++++ Provided information
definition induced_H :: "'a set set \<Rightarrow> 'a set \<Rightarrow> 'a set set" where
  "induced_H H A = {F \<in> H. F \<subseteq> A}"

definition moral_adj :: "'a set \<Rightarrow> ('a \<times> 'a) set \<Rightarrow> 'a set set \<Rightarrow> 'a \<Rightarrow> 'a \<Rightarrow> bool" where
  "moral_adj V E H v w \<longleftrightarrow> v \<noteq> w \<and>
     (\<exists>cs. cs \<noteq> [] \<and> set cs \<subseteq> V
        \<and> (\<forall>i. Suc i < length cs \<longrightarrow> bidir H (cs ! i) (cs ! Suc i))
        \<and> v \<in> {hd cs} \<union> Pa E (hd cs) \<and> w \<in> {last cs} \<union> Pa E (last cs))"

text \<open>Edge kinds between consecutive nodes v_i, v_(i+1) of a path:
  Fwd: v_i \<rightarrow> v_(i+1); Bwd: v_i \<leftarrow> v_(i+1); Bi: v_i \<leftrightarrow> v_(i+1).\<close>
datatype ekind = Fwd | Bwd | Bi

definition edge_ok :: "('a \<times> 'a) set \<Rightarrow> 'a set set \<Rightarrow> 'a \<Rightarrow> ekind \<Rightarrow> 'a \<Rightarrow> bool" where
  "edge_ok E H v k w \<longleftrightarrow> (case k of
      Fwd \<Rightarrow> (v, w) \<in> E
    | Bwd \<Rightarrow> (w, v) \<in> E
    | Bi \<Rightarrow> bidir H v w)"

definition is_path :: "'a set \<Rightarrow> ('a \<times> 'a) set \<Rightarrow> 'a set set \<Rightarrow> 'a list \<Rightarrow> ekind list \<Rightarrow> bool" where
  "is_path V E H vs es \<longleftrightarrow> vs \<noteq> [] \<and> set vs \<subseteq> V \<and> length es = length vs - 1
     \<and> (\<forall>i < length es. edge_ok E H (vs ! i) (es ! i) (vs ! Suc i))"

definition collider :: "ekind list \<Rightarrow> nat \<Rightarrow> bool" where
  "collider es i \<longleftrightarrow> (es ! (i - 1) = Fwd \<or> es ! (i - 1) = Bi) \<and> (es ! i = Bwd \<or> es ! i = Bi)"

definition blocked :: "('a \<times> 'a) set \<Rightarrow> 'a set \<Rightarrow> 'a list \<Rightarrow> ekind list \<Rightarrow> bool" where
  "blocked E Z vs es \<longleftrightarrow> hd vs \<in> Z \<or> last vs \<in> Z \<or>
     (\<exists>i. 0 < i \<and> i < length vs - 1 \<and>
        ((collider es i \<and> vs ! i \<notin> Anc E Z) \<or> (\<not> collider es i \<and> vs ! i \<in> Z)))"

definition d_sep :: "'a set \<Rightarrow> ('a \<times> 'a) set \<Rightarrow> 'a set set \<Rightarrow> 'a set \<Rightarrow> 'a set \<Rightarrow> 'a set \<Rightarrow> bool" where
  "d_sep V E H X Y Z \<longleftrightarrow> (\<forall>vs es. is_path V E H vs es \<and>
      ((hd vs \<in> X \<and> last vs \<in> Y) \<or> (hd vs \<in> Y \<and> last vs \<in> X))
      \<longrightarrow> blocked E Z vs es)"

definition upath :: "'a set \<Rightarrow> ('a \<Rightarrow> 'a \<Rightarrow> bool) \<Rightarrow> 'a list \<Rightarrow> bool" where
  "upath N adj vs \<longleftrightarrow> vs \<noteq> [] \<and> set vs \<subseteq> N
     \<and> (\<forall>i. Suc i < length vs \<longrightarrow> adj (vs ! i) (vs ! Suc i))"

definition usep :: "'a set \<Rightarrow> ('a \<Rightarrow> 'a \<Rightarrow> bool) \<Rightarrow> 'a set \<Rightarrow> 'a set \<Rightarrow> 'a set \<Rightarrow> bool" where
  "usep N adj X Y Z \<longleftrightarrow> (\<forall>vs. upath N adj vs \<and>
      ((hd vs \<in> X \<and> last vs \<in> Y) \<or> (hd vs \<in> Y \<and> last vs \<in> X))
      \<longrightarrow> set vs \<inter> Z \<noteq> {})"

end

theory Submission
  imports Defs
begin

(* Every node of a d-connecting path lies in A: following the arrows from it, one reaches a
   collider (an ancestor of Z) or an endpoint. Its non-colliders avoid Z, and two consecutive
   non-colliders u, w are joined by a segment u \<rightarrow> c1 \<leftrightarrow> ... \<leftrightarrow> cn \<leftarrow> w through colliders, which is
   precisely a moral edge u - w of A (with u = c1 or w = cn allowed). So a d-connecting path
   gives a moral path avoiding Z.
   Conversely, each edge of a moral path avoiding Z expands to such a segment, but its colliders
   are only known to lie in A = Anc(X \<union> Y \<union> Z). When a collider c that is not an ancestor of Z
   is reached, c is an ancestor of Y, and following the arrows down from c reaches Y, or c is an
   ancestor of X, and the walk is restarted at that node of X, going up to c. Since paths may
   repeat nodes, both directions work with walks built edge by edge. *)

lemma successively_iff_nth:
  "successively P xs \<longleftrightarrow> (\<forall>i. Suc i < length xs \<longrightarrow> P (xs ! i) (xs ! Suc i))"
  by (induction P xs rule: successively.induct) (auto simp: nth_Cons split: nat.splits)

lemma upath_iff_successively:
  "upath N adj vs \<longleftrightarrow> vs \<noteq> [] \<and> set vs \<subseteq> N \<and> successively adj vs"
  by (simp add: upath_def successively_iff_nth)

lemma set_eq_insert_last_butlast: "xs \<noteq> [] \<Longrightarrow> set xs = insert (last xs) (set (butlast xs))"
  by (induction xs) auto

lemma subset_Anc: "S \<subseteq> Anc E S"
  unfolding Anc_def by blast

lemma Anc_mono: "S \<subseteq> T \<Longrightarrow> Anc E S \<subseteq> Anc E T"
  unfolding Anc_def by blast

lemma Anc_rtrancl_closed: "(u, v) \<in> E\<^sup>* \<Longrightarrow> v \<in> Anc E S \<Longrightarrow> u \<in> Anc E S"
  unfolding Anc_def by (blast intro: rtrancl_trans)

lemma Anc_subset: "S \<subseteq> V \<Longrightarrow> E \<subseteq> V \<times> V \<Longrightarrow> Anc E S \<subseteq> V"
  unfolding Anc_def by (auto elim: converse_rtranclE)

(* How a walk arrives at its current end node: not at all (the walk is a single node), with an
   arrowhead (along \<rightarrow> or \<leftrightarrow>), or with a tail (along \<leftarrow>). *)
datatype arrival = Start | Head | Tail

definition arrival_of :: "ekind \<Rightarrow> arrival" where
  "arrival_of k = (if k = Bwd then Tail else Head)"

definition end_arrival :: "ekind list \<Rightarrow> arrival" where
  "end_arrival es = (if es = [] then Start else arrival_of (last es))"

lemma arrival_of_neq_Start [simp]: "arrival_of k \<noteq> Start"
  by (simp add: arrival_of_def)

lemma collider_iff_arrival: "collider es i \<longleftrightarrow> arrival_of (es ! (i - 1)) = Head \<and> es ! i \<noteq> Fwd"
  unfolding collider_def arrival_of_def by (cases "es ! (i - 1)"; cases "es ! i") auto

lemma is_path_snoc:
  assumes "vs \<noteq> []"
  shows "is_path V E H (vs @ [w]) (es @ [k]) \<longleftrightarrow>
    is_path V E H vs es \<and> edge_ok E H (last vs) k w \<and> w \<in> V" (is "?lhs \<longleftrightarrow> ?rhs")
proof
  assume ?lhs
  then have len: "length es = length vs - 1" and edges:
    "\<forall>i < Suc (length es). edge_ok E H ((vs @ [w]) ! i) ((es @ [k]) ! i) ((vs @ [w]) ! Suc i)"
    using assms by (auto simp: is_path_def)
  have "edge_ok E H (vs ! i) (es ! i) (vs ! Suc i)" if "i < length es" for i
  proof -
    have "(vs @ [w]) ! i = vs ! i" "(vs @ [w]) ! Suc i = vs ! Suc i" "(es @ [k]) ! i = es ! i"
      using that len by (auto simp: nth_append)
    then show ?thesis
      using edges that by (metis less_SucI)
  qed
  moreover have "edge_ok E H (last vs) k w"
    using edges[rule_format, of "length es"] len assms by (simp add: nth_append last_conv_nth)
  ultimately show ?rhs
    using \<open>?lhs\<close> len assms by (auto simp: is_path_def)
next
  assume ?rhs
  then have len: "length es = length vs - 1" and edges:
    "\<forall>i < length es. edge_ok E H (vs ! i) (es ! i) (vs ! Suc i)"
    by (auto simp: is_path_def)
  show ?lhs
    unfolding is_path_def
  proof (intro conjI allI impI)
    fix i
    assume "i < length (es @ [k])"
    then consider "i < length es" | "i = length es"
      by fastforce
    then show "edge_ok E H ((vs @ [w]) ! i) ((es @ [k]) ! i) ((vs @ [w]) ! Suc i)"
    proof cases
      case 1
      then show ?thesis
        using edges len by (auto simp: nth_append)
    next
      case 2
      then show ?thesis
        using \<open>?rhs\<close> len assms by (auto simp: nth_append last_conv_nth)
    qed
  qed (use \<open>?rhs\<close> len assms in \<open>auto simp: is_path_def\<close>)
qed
++++++++
Assignment: Go through the listing, and whenever a line contains the string "reaches", copy that line.

Reply:
(* Every node of a d-connecting path lies in A: following the arrows from it, one reaches a
   is reached, c is an ancestor of Y, and following the arrows down from c reaches Y, or c is an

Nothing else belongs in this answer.